Imports:
The necessary libraries are imported: cv2: OpenCV for computer vision tasks. mediapipe as mp: MediaPipe library for hand tracking. Various other libraries for tasks like math operations, keyboard input, time management, socket communication, GUI automation, threading, and data manipulation. Configuration:
Several variables and constants are initialized, including flags, counters, and parameters for the hand tracking process. Initialization:
MediaPipe components are set up (mp_hands and mp_drawing). The camera stream is accessed using cv2.VideoCapture(). Resolution and frame rate settings are configured for the camera. Mouse Simulation and Socket Functions:
There are functions mouse_sim() and socket_connect() defined. mouse_sim() moves the mouse cursor using pyautogui library based on the detected hand position. socket_connect() establishes a connection to a remote host using sockets. Main Loop:
The program enters a loop that captures frames from the camera stream. Frame Processing:
Each captured frame is converted to RGB format. The hand landmarks are processed using MediaPipe, and information about the detected hands is extracted. Hand Landmark Processing:
The script extracts various landmark points from the hand. It calculates distances, angles, and other parameters based on these landmarks. Hand Gesture Interpretation:
The code interprets the hand landmarks to recognize gestures. It computes completion rates, identifies left or right hand, and determines clockwise/counterclockwise directions. User Interface:
Information and statistics about the hand tracking process are displayed on the video feed using cv2.putText(). Thread Execution:
The code spawns separate threads (mouse_thread and thread2) for handling mouse movement and socket communication, respectively. Input Handling and User Interaction:
The script checks for user input. If 'q' is pressed, the program gracefully exits, releasing resources. Displaying the Video Feed:
The modified frame with overlays and text is displayed in a window using cv2.imshow(). Program Termination:
The program gracefully closes and releases resources when the user closes the window. This code demonstrates a moderate to advanced level of proficiency in Python, particularly in areas related to computer vision, gesture recognition, socket communication, and multithreading. The author also shows competence in using third-party libraries like OpenCV, MediaPipe, and pyautogui.
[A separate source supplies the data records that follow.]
text \<open>Let \<open>Y\<close> be the stage vector for \<open>y' = \<lambda>y\<close>, \<open>q = h\<lambda>\<close>. Since \<open>A = \<I>\<^sub>s \<P>\<^sub>s\<^sup>T \<Omega>\<close>, everything
  factors through the vector \<open>\<gamma> = \<P>\<^sub>s\<^sup>T \<Omega> Y\<close> of discrete Legendre coefficients: it solves
  \<open>\<gamma> = e\<^sub>1 + q X\<^sub>s \<gamma>\<close> with \<open>X\<^sub>s = \<P>\<^sub>s\<^sup>T \<Omega> \<I>\<^sub>s\<close>, and \<open>R(q) = 1 + q \<gamma>\<^sub>1\<close>.
  If \<open>F\<^sub>l\<close> is the antiderivative of \<open>P\<^sub>l\<close> vanishing at 0, then \<open>P\<^sub>l F\<^sub>m + P\<^sub>m F\<^sub>l = (F\<^sub>l F\<^sub>m)'\<close> has degree
  below \<open>2s\<close>, so exactness of the quadrature gives \<open>X\<^sub>s + X\<^sub>s\<^sup>T = e\<^sub>1 e\<^sub>1\<^sup>T\<close>. Pairing the system with
  \<open>\<gamma>\<close> then yields the energy identity \<open>|R(q)|\<^sup>2 = 1 + 2 Re q \<parallel>\<gamma>\<parallel>\<^sup>2\<close>, so \<open>|R(q)| < 1\<close> exactly when
  \<open>Re q < 0\<close>; for \<open>Re q < 0\<close> the same identity forces the homogeneous system to have only the
  trivial solution, so the stage equations are uniquely solvable.\<close>

lemma square_system_solvable_if_injective:
  fixes M :: "nat \<Rightarrow> nat \<Rightarrow> 'a::field" and b :: "nat \<Rightarrow> 'a"
  assumes inj: "\<And>v. \<forall>l<n. (\<Sum>m<n. M l m * v m) = 0 \<Longrightarrow> \<forall>l<n. v l = 0"
  shows "\<exists>v. \<forall>l<n. (\<Sum>m<n. M l m * v m) = b l"
proof -
  define A where "A = Matrix.mat n n (\<lambda>(i, j). M i j)"
  have A: "A \<in> carrier_mat n n"
    unfolding A_def by auto
  have mult_A: "(A *\<^sub>v v) $ l = (\<Sum>m<n. M l m * v $ m)" if "v \<in> carrier_vec n" "l < n" for v l
    using that by (simp add: A_def mult_mat_vec_def scalar_prod_def lessThan_atLeast0)
  have "det A \<noteq> 0"
  proof
    assume "det A = 0"
    then obtain v where v: "v \<in> carrier_vec n" "v \<noteq> 0\<^sub>v n" "A *\<^sub>v v = 0\<^sub>v n"
      using det_0_iff_vec_prod_zero_field[OF A] by auto
    have "\<forall>l<n. (\<Sum>m<n. M l m * v $ m) = 0"
      using v mult_A by (metis index_zero_vec(1))
    with inj have "\<forall>l<n. v $ l = 0"
      by blast
    with v(1,2) show False
      by (metis eq_vecI index_zero_vec carrier_vecD)
  qed
  then obtain Q where Q: "Q \<in> carrier_mat n n" "A * Q = 1\<^sub>m n"
    using det_non_zero_imp_unit[OF A] unfolding Units_def ring_mat_def by auto
  define x where "x = Q *\<^sub>v Matrix.vec n b"
  have x: "x \<in> carrier_vec n"
    unfolding x_def using Q by auto
  have "A *\<^sub>v x = Matrix.vec n b"
    unfolding x_def using Q A by (simp add: assoc_mult_mat_vec[symmetric])
  then have "\<forall>l<n. (\<Sum>m<n. M l m * x $ m) = b l"
    using mult_A[OF x] by (metis index_vec)
  then show ?thesis
    by blast
qed

lemma alternating_binomial_sum_Suc:
  fixes f :: "nat \<Rightarrow> int"
  shows "(\<Sum>j\<le>Suc n. (-1)^j * int (Suc n choose j) * f j) =
         (\<Sum>j\<le>n. (-1)^j * int (n choose j) * f j) - (\<Sum>j\<le>n. (-1)^j * int (n choose j) * f (Suc j))"
proof -
  have "(\<Sum>j\<le>Suc n. (-1)^j * int (Suc n choose j) * f j) =
        f 0 + (\<Sum>j\<le>n. (-1)^(Suc j) * int (Suc n choose Suc j) * f (Suc j))"
    by (subst sum.atMost_Suc_shift) simp
  also have "\<dots> = f 0 + (\<Sum>j\<le>n. (-1)^(Suc j) * int (n choose Suc j) * f (Suc j)
                 - (-1)^j * int (n choose j) * f (Suc j))"
    by (intro arg_cong2[where f="(+)"] refl sum.cong) (auto simp: algebra_simps)
  also have "\<dots> = f 0 + (\<Sum>j\<le>n. (-1)^(Suc j) * int (n choose Suc j) * f (Suc j))
                 - (\<Sum>j\<le>n. (-1)^j * int (n choose j) * f (Suc j))"
    by (simp add: sum_subtractf)
  also have "f 0 + (\<Sum>j\<le>n. (-1)^(Suc j) * int (n choose Suc j) * f (Suc j))
           = (\<Sum>j\<le>Suc n. (-1)^j * int (n choose j) * f j)"
    by (subst sum.atMost_Suc_shift) simp
  also have "\<dots> = (\<Sum>j\<le>n. (-1)^j * int (n choose j) * f j)"
    by simp
  finally show ?thesis .
qed

text \<open>The \<open>n\<close>-th forward difference of the degree-\<open>r\<close> polynomial \<open>j \<mapsto> (m + j choose r)\<close> vanishes
  for \<open>r < n\<close>.\<close>
lemma alternating_binomial_sum_choose_eq_0:
  "r < n \<Longrightarrow> (\<Sum>j\<le>n. (-1)^j * int (n choose j) * int (m + j choose r)) = 0"
proof (induction n arbitrary: m r)
  case 0
  then show ?case by simp
next
  case (Suc n)
  have step: "(\<Sum>j\<le>Suc n. (-1)^j * int (Suc n choose j) * int (m + j choose r)) =
     (\<Sum>j\<le>n. (-1)^j * int (n choose j) * int (m + j choose r)) -
     (\<Sum>j\<le>n. (-1)^j * int (n choose j) * int (Suc m + j choose r))"
    using alternating_binomial_sum_Suc[of n "\<lambda>j. int (m + j choose r)"] by simp
  consider "r < n" | "r = n" "n = 0" | n' where "r = n" "n = Suc n'"
    using Suc.prems not0_implies_Suc by force
  then show ?case
  proof cases
    case 1
    then show ?thesis
      using step Suc.IH[of r m] Suc.IH[of r "Suc m"] by simp
  next
    case 2
    then show ?thesis
      using step by simp
  next
    case (3 n')
    have "(\<Sum>j\<le>n. (-1)^j * int (n choose j) * int (Suc m + j choose r)) =
          (\<Sum>j\<le>n. (-1)^j * int (n choose j) * int (m + j choose r)) +
          (\<Sum>j\<le>n. (-1)^j * int (n choose j) * int (m + j choose n'))"
      unfolding sum.distrib[symmetric] using 3 by (intro sum.cong) (auto simp: algebra_simps)
    moreover have "(\<Sum>j\<le>n. (-1)^j * int (n choose j) * int (m + j choose n')) = 0"
      using Suc.IH[of n' m] 3 by simp
    ultimately show ?thesis
      using step by simp
  qed
qed

lemma sum_shifted_legendre_coeff_div_Suc:
  assumes "1 \<le> n"
  shows "(\<Sum>j\<le>n. (-1)^(n + j) * real (n choose j) * real ((n + j) choose j) / real (Suc j)) = 0"
proof -
  have absorb: "real ((n + j) choose j) / real (Suc j) = real (n + j choose (n - 1)) / real n" for j
  proof -
    have "Suc j * (n + j choose Suc j) = (n + j) * ((n + j - 1) choose j)"
      by (rule binomial_absorption)
    also have "\<dots> = n * (n + j choose j)"
      using binomial_absorb_comp[of "n + j" j] by simp
    also have "(n + j choose Suc j) = (n + j choose (n - 1))"
      using assms by (subst binomial_symmetric) auto
    finally have "real (Suc j) * real (n + j choose (n - 1)) = real n * real (n + j choose j)"
      by (metis of_nat_mult)
    then show ?thesis
      using assms by (simp add: frac_eq_eq mult.commute)
  qed
  have "(\<Sum>j\<le>n. (-1)^(n + j) * real (n choose j) * real ((n + j) choose j) / real (Suc j))
      = (\<Sum>j\<le>n. (-1)^n / real n * of_int ((-1)^j * int (n choose j) * int (n + j choose (n - 1))))"
  proof (intro sum.cong refl)
    fix j
    have "(-1)^(n + j) * real (n choose j) * real ((n + j) choose j) / real (Suc j)
        = (-1)^n * (-1)^j * real (n choose j) * (real ((n + j) choose j) / real (Suc j))"
      by (simp add: power_add)
    also have "\<dots> = (-1)^n * (-1)^j * real (n choose j) * (real (n + j choose (n - 1)) / real n)"
      by (simp only: absorb)
    also have "\<dots> = (-1)^n / real n * of_int ((-1)^j * int (n choose j) * int (n + j choose (n - 1)))"
      by simp
    finally show "(-1)^(n + j) * real (n choose j) * real ((n + j) choose j) / real (Suc j)
        = (-1)^n / real n * of_int ((-1)^j * int (n choose j) * int (n + j choose (n - 1)))" .
  qed
  also have "\<dots> = (-1)^n / real n * of_int (\<Sum>j\<le>n. (-1)^j * int (n choose j) * int (n + j choose (n - 1)))"
    by (simp only: of_int_sum sum_distrib_left)
  also have "\<dots> = 0"
    using alternating_binomial_sum_choose_eq_0[of "n - 1" n n] assms by simp
  finally show ?thesis .
qed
The algorithmic part of this code
Hand Landmark Extraction:
The results variable contains information about detected hands, including their landmarks. The script accesses the landmarks' coordinates to perform various calculations. Distance Calculation:
The distance between the index finger MCP (Metacarpophalangeal) joint and the ring finger MCP joint is computed. This represents the distance between the index and ring fingers. Stability Measurement:
The stability of the hand is calculated by finding the distance between the index finger MCP joint and the wrist. Gesture Labeling:
The script identifies whether the detected hand is left or right based on the wrist and pinky positions. Completion Rate Computation:
The completion rate is calculated based on the ratio of the distance between the index and ring fingers to the hand stability. Completion Rate Adjustment:
The completion rate is adjusted based on various conditions (e.g., if it's too high or too low). Maximum Completion Rate Tracking:
The code keeps track of the maximum completion rate achieved during the session. Reset Detection:
A reset condition is checked based on the completion rate. If the rate is close to 2.5, it's considered a reset. Mouse Position Estimation:
The final position for the mouse cursor is calculated based on the positions of hand landmarks. Mouse Movement:
The mouse is moved using pyautogui to simulate mouse movement. The mouse position is updated if it has changed. Socket Connection:
The program establishes a socket connection with a remote host (presumably for some form of communication). Thread Handling:
Threads are used to handle tasks concurrently, such as mouse movement and socket communication. User Interface Feedback:
The completion rate, stability, frame rate, and other information are displayed on the video feed for user feedback.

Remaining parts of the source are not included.